Noventa por cento dela é limpa. Essa volatilidade é porque você mede energia a cada momento do dia. E, em função do mercado livre, você tem um preço da energia, os agentes ou que não conseguiram vender ou que venderam a energia precificam a energia 24 horas por dia. Então, você tem uma expectativa dos consumidores do mercado livre de terem preços mais baixos do que os do agente regulado. O que é novo? Existe uma recomendação de que consumidores com alta demanda de energia sejam ligados na alta-tensão, acima de 2,3 mil volts. Então, a partir de 2000 você teve um regime que culminou, em 2024, em um regime de liberação desses grandes consumidores, 150 mil clientes, para que eles pudessem migrar para o mercado livre. Muitos consumidores têm interesse em ser atendidos exclusivamente por fontes de energia não poluentes. Então é um momento de maior competição.
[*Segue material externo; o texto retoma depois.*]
lemma hcomp_id2_perm_mat_left:
  assumes "\<sigma> permutes {..<n'}" "R \<in> carrier_mat n' n" "\<tau> \<in> two_mor R Rb"
  shows "hcomp (triv_gauge (perm_mat n' \<sigma>)) (triv_gauge (perm_mat n' \<sigma>)) R Rb
           (id2 (perm_mat n' \<sigma>)) \<tau> = mat n' n (\<lambda>(k,j). \<tau> $$ (pinv \<sigma> k, j))"
proof (rule eq_matI)
  note \<tau> = two_morD[OF assms(3,2)]
  fix k j
  assume "k < dim_row (mat n' n (\<lambda>(k,j). \<tau> $$ (pinv \<sigma> k, j)))"
    and "j < dim_col (mat n' n (\<lambda>(k,j). \<tau> $$ (pinv \<sigma> k, j)))"
  then have k: "k < n'" and j: "j < n" by auto
  have k0: "pinv \<sigma> k < n'"
    using permutes_lessThan_inv(1)[OF assms(1) k] .
  have "dsum_list (map (\<lambda>i. kron (id2 (perm_mat n' \<sigma>) $$ (k,i)) (\<tau> $$ (i,j))) [0..<n'])
      = kron (id2 (perm_mat n' \<sigma>) $$ (k, pinv \<sigma> k)) (\<tau> $$ (pinv \<sigma> k, j))"
    by (rule dsum_list_map_upt_single[OF k0])
      (use k permutes_lessThan_inv[OF assms(1)] in \<open>auto simp: id2_perm_mat_index kron_empty_left\<close>)
  also have "\<dots> = \<tau> $$ (pinv \<sigma> k, j)"
    using k k0 permutes_lessThan_inv[OF assms(1)] kron_one_mat_1_left by (simp add: id2_perm_mat_index)
  finally have dsum: "dsum_list (map (\<lambda>i. kron (id2 (perm_mat n' \<sigma>) $$ (k,i)) (\<tau> $$ (i,j))) [0..<n'])
      = \<tau> $$ (pinv \<sigma> k, j)" .
  have "(perm_mat n' \<sigma> *\<^sub>v col Rb j) $ k = Rb $$ (pinv \<sigma> k, j)"
    "(perm_mat n' \<sigma> *\<^sub>v col R j) $ k = R $$ (pinv \<sigma> k, j)"
    using perm_mat_mult_index[OF assms(1) _ k j] \<tau>(2) assms(2) k j
    by (simp_all only: mult_mat_vec_col_index carrier_matD perm_mat_dims)
  then show "hcomp (triv_gauge (perm_mat n' \<sigma>)) (triv_gauge (perm_mat n' \<sigma>)) R Rb
      (id2 (perm_mat n' \<sigma>)) \<tau> $$ (k,j) = mat n' n (\<lambda>(k,j). \<tau> $$ (pinv \<sigma> k, j)) $$ (k,j)"
    using hcomp_triv_gauge_index \<tau>(1) \<tau>(3)[OF k0 j] dsum k j by (simp add: id2_def)
qed (use two_morD[OF assms(3,2)] in \<open>simp_all add: hcomp_def id2_def\<close>)

lemma hcomp_id2_perm_mat_right:
  assumes "\<sigma> permutes {..<n}" "R \<in> carrier_mat n' n" "\<tau> \<in> two_mor R Rb"
  shows "hcomp (triv_gauge R) (triv_gauge Rb) (perm_mat n \<sigma>) (perm_mat n \<sigma>)
           \<tau> (id2 (perm_mat n \<sigma>)) = mat n' n (\<lambda>(k,j). \<tau> $$ (k, \<sigma> j))"
proof (rule eq_matI)
  note \<tau> = two_morD[OF assms(3,2)]
  fix k j
  assume "k < dim_row (mat n' n (\<lambda>(k,j). \<tau> $$ (k, \<sigma> j)))"
    and "j < dim_col (mat n' n (\<lambda>(k,j). \<tau> $$ (k, \<sigma> j)))"
  then have k: "k < n'" and j: "j < n" by auto
  have j0: "\<sigma> j < n"
    using permutes_lessThan_inv(2)[OF assms(1) j] .
  have "dsum_list (map (\<lambda>i. kron (\<tau> $$ (k,i)) (id2 (perm_mat n \<sigma>) $$ (i,j))) [0..<n])
      = kron (\<tau> $$ (k, \<sigma> j)) (id2 (perm_mat n \<sigma>) $$ (\<sigma> j, j))"
    by (rule dsum_list_map_upt_single[OF j0])
      (use j in \<open>auto simp: id2_perm_mat_index kron_empty_right\<close>)
  also have "\<dots> = \<tau> $$ (k, \<sigma> j)"
    using j j0 kron_one_mat_1_right by (simp add: id2_perm_mat_index)
  finally have dsum: "dsum_list (map (\<lambda>i. kron (\<tau> $$ (k,i)) (id2 (perm_mat n \<sigma>) $$ (i,j))) [0..<n])
      = \<tau> $$ (k, \<sigma> j)" .
  have "(Rb *\<^sub>v col (perm_mat n \<sigma>) j) $ k = Rb $$ (k, \<sigma> j)"
    "(R *\<^sub>v col (perm_mat n \<sigma>) j) $ k = R $$ (k, \<sigma> j)"
    using mult_perm_mat_index[OF assms(1) _ k j] \<tau>(2) assms(2) k j
    by (simp_all only: mult_mat_vec_col_index carrier_matD perm_mat_dims)
  then show "hcomp (triv_gauge R) (triv_gauge Rb) (perm_mat n \<sigma>) (perm_mat n \<sigma>)
      \<tau> (id2 (perm_mat n \<sigma>)) $$ (k,j) = mat n' n (\<lambda>(k,j). \<tau> $$ (k, \<sigma> j)) $$ (k,j)"
    using hcomp_triv_gauge_index \<tau>(1) \<tau>(3)[OF k j0] dsum k j by (simp add: id2_def)
qed (use two_morD[OF assms(3,2)] in \<open>simp_all add: hcomp_def id2_def\<close>)

lemma mult_intertwining_mat:
  fixes A A' B B' X Y Z :: "'a :: semiring_0 mat"
  assumes "A \<in> carrier_mat b a" "A' \<in> carrier_mat b a" "B \<in> carrier_mat c b" "B' \<in> carrier_mat c b"
    and "X \<in> carrier_mat a a" "Y \<in> carrier_mat b b" "Z \<in> carrier_mat c c"
    and "A * X = Y * A'" "B * Y = Z * B'"
  shows "B * A * X = Z * (B' * A')"
proof -
  have "B * A * X = B * (A * X)"
    by (rule assoc_mult_mat[OF assms(3,1,5)])
  also have "\<dots> = B * Y * A'"
    unfolding assms(8) by (rule assoc_mult_mat[OF assms(3,6,2), symmetric])
  also have "\<dots> = Z * (B' * A')"
    unfolding assms(9) by (rule assoc_mult_mat[OF assms(7,4,2)])
  finally show ?thesis .
qed

lemma two_mor_vcomp:
  assumes "T \<in> two_mor R Rb" and "Tb \<in> two_mor Rb Rbb"
  shows "vcomp Tb T \<in> two_mor R Rbb"
proof -
  have "Tb $$ (i,j) * T $$ (i,j) \<in> carrier_mat (Rbb $$ (i,j)) (R $$ (i,j))"
    if "i < dim_row R" "j < dim_col R" for i j
  proof (rule mult_carrier_mat)
    show "Tb $$ (i,j) \<in> carrier_mat (Rbb $$ (i,j)) (Rb $$ (i,j))"
      "T $$ (i,j) \<in> carrier_mat (Rb $$ (i,j)) (R $$ (i,j))"
      using assms that unfolding two_mor_def by auto
  qed
  then show ?thesis
    using assms unfolding two_mor_def vcomp_def by auto
qed

lemma vcomp_two_mor_eq:
  assumes "T \<in> two_mor R Rb" and "R \<in> carrier_mat n' n"
  shows "vcomp Tb T = mat n' n (\<lambda>(i',i). Tb $$ (i',i) * T $$ (i',i))"
  using two_morD(1)[OF assms] unfolding vcomp_def by simp

lemma triple_intertwinerD:
  assumes "triple_intertwiner G n n' \<rho> \<rho>' R S"
  shows "R \<in> carrier_mat n' n"
    and "\<And>k i g. k < n' \<Longrightarrow> i < n \<Longrightarrow> R $$ (k,i) \<noteq> 0 \<Longrightarrow> g \<in> carrier G
           \<Longrightarrow> S k i g \<in> carrier_mat (R $$ (k,i)) (R $$ (k,i))"
    and "\<And>g. g \<in> carrier G \<Longrightarrow> Phi_of n n' \<rho> R S g \<in> two_mor (Fobj n' \<rho>' g * R) (R * Fobj n \<rho> g)"
  using assms unfolding triple_intertwiner_def GL_mat_def by auto

lemma Phi_of_dims [simp]: "dim_row (Phi_of n n' \<rho> R S g) = n'" "dim_col (Phi_of n n' \<rho> R S g) = n"
  unfolding Phi_of_def by simp_all

lemma Phi_of_index_permuted:
  assumes "\<rho> g permutes {..<n}" "k < n'" "i < n"
  shows "Phi_of n n' \<rho> R S g $$ (k, pinv (\<rho> g) i)
           = (if R $$ (k,i) \<noteq> 0 then S k i g else 0\<^sub>m (R $$ (k,i)) (R $$ (k,i)))"
  using assms permutes_lessThan_inv[OF assms(1)] unfolding Phi_of_def by simp

definition equivariant_array ::
  "('g,'x) monoid_scheme \<Rightarrow> nat \<Rightarrow> nat \<Rightarrow> ('g \<Rightarrow> nat \<Rightarrow> nat) \<Rightarrow> ('g \<Rightarrow> nat \<Rightarrow> nat)
   \<Rightarrow> nat mat \<Rightarrow> (nat \<Rightarrow> nat \<Rightarrow> 'g \<Rightarrow> complex mat)
   \<Rightarrow> nat mat \<Rightarrow> (nat \<Rightarrow> nat \<Rightarrow> 'g \<Rightarrow> complex mat) \<Rightarrow> array2 \<Rightarrow> bool" where
  "equivariant_array G n n' \<rho> \<rho>' R S Rb Sb T \<longleftrightarrow>
     (\<forall>i'<n'. \<forall>i<n. R $$ (i',i) \<noteq> 0 \<longrightarrow> Rb $$ (i',i) \<noteq> 0 \<longrightarrow>
        (\<forall>g\<in>carrier G. T $$ (i',i) * S i' i g = Sb i' i g * T $$ (pinv (\<rho>' g) i', pinv (\<rho> g) i)))"

locale perm_rep_pair =
  fixes G :: "('g,'x) monoid_scheme" and n n' :: nat and \<rho> \<rho>' :: "'g \<Rightarrow> nat \<Rightarrow> nat"
  assumes perm_rep_src: "perm_rep G n \<rho>" and perm_rep_tgt: "perm_rep G n' \<rho>'"
begin

lemma permutes_src: "g \<in> carrier G \<Longrightarrow> \<rho> g permutes {..<n}"
  using perm_rep_src unfolding perm_rep_def by blast

lemma permutes_tgt: "g \<in> carrier G \<Longrightarrow> \<rho>' g permutes {..<n'}"
  using perm_rep_tgt unfolding perm_rep_def by blast

lemma Phi_of_index_permuted_carrier:
  assumes "triple_intertwiner G n n' \<rho> \<rho>' R S" "g \<in> carrier G" "k < n'" "i < n"
  shows "Phi_of n n' \<rho> R S g $$ (k, pinv (\<rho> g) i) \<in> carrier_mat (R $$ (k,i)) (R $$ (k,i))"
  using Phi_of_index_permuted[of \<rho> g n k n' i, OF permutes_src[OF assms(2)] assms(3,4)]
    triple_intertwinerD(2)[OF assms(1,3,4) _ assms(2)] by auto

text \<open>\<open>\<Phi>(g)\<close> has square blocks, while as a 2-morphism \<open>F'(g) \<circ> R \<Rightarrow> R \<circ> F(g)\<close> its
  blocks have the entries of \<open>R\<close> at two positions related by \<open>(\<rho>'(g), \<rho>(g))\<close> as sizes.\<close>
lemma triple_intertwiner_rank_invariant:
  assumes "triple_intertwiner G n n' \<rho> \<rho>' R S" "g \<in> carrier G" "k < n'" "i < n"
  shows "R $$ (pinv (\<rho>' g) k, pinv (\<rho> g) i) = R $$ (k,i)"
proof -
  note R = triple_intertwinerD[OF assms(1)]
  note \<sigma> = permutes_src[OF assms(2)] and \<sigma>' = permutes_tgt[OF assms(2)]
  define j where "j = pinv (\<rho> g) i"
  have j: "j < n" and ij: "\<rho> g j = i"
    using permutes_lessThan_inv[OF \<sigma>] assms(4) unfolding j_def by auto
  have "Fobj n' \<rho>' g * R \<in> carrier_mat n' n"
    using R(1) unfolding Fobj_def by (auto intro: mult_carrier_mat)
  then have "Phi_of n n' \<rho> R S g $$ (k,j)
      \<in> carrier_mat ((R * Fobj n \<rho> g) $$ (k,j)) ((Fobj n' \<rho>' g * R) $$ (k,j))"
    using two_morD(3)[OF R(3)[OF assms(2)] _ assms(3) j] by blast
  moreover have "(R * Fobj n \<rho> g) $$ (k,j) = R $$ (k,i)"
    using mult_perm_mat_index[OF \<sigma> R(1) assms(3) j] ij unfolding Fobj_def by simp
  moreover have "(Fobj n' \<rho>' g * R) $$ (k,j) = R $$ (pinv (\<rho>' g) k, j)"
    using perm_mat_mult_index[OF \<sigma>' R(1) assms(3) j] unfolding Fobj_def by simp
  ultimately show ?thesis
    using Phi_of_index_permuted_carrier[OF assms] unfolding j_def by auto
qed

lemma two_mor_index_permuted_carrier:
  assumes "triple_intertwiner G n n' \<rho> \<rho>' R S" "triple_intertwiner G n n' \<rho> \<rho>' Rb Sb"
    and "T \<in> two_mor R Rb" "g \<in> carrier G" "k < n'" "i < n"
  shows "T $$ (pinv (\<rho>' g) k, pinv (\<rho> g) i) \<in> carrier_mat (Rb $$ (k,i)) (R $$ (k,i))"
  using two_morD(3)[OF assms(3) triple_intertwinerD(1)[OF assms(1)]]
    permutes_lessThan_inv(1)[OF permutes_tgt[OF assms(4)] assms(5)]
    permutes_lessThan_inv(1)[OF permutes_src[OF assms(4)] assms(6)]
    triple_intertwiner_rank_invariant[OF assms(1,4-6)]
    triple_intertwiner_rank_invariant[OF assms(2,4-6)]
  by metis

lemma coherence_square_entry_iff:
  assumes "triple_intertwiner G n n' \<rho> \<rho>' R S" "triple_intertwiner G n n' \<rho> \<rho>' Rb Sb"
    and "\<tau> \<in> two_mor R Rb" "g \<in> carrier G" "k < n'" "i < n"
  shows "Phi_of n n' \<rho> Rb Sb g $$ (k, pinv (\<rho> g) i) * \<tau> $$ (pinv (\<rho>' g) k, pinv (\<rho> g) i)
           = \<tau> $$ (k,i) * Phi_of n n' \<rho> R S g $$ (k, pinv (\<rho> g) i)
         \<longleftrightarrow> (R $$ (k,i) \<noteq> 0 \<longrightarrow> Rb $$ (k,i) \<noteq> 0 \<longrightarrow>
               \<tau> $$ (k,i) * S k i g = Sb k i g * \<tau> $$ (pinv (\<rho>' g) k, pinv (\<rho> g) i))"
proof (cases "Rb $$ (k,i) = 0 \<or> R $$ (k,i) = 0")
  case True
  have "Phi_of n n' \<rho> Rb Sb g $$ (k, pinv (\<rho> g) i) * \<tau> $$ (pinv (\<rho>' g) k, pinv (\<rho> g) i)
          \<in> carrier_mat (Rb $$ (k,i)) (R $$ (k,i))"
    using Phi_of_index_permuted_carrier[OF assms(2,4-6)]
      two_mor_index_permuted_carrier[OF assms] by (rule mult_carrier_mat)
  moreover have "\<tau> $$ (k,i) * Phi_of n n' \<rho> R S g $$ (k, pinv (\<rho> g) i)
          \<in> carrier_mat (Rb $$ (k,i)) (R $$ (k,i))"
    using two_morD(3)[OF assms(3) triple_intertwinerD(1)[OF assms(1)] assms(5,6)]
      Phi_of_index_permuted_carrier[OF assms(1,4-6)] by (rule mult_carrier_mat)
  ultimately have "Phi_of n n' \<rho> Rb Sb g $$ (k, pinv (\<rho> g) i) * \<tau> $$ (pinv (\<rho>' g) k, pinv (\<rho> g) i)
      = \<tau> $$ (k,i) * Phi_of n n' \<rho> R S g $$ (k, pinv (\<rho> g) i)"
    using True by (rule empty_mat_eq)
  then show ?thesis
    using True by auto
next
  case False
  then show ?thesis
    using Phi_of_index_permuted[of \<rho> g n k n' i, OF permutes_src[OF assms(4)] assms(5,6)] by auto
qed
Como está a regulamentação para empresas trabalharem aqui em termos de meio ambiente, de energia elétrica?
Está andando. Somos um dos cinco maiores em energia eólica e solar do mundo. Uma das regulamentações importantes é a de liberação e qual vai ser o ritmo de liberação dos consumidores do grupo B (ligados à rede de baixa tensão, atendidos pelo mercado regulado). Esse debate começa agora no Congresso. Existem vários países onde os consumidores são livres para escolher quem é seu fornecedor.
O mundo está ficando muito dependente de energia elétrica, não? Carro elétrico, uma série de demandas novas. O mundo tem condição de fornecer tudo isso de energia?
O mundo tem mais dificuldade de fazer isso do que o Brasil. (O desenvolvimento da) inteligência artificial está multiplicando por 10 ou às vezes 20 a demanda por data centers para processar essa informação, a quantidade de dados processados é enorme. É um negócio que precisa de energia renovável, de contingência, eu
acho que o Brasil vai ser um hub de energia.
Pode traçar um cenário sobre o tema energia elétrica em 10 anos ou 15 anos?
Para se descarbonizar, o mundo tem de sair das fontes que queimam carvão, óleo, gasolina etc. Então, ele vai se eletrificar. A forma de alimentar isso é usar fontes cada vez mais renováveis. Os países estão investindo em solar e eólica, embora com menos eficiência que o Brasil. Não vai acabar o petróleo, vai trocar o carvão, o óleo combustível, por gás natural. Eu diria que o Brasil tem uma vantagem espetacular. O Brasil tem 220 mil MW de
energia instalados. Como comparação, uma usina como Itaipu, que é a maior (do País), tem 14 mil MW. Só de potencial de eólica no continente nós temos cerca de 400 mil MW. Em 1960, tínhamos 5 mil MW instalados. E eu estou falando só de uma fonte, você tem mais 100 mil MW de hidrelétrica, tem o gás do pré-sal, uma quantidade solar imensa. E solar é a fonte que mais vai crescer. Então eu não tenho dúvida de que nós somos o celeiro energético do mundo para alimentar o processo de descarbonização.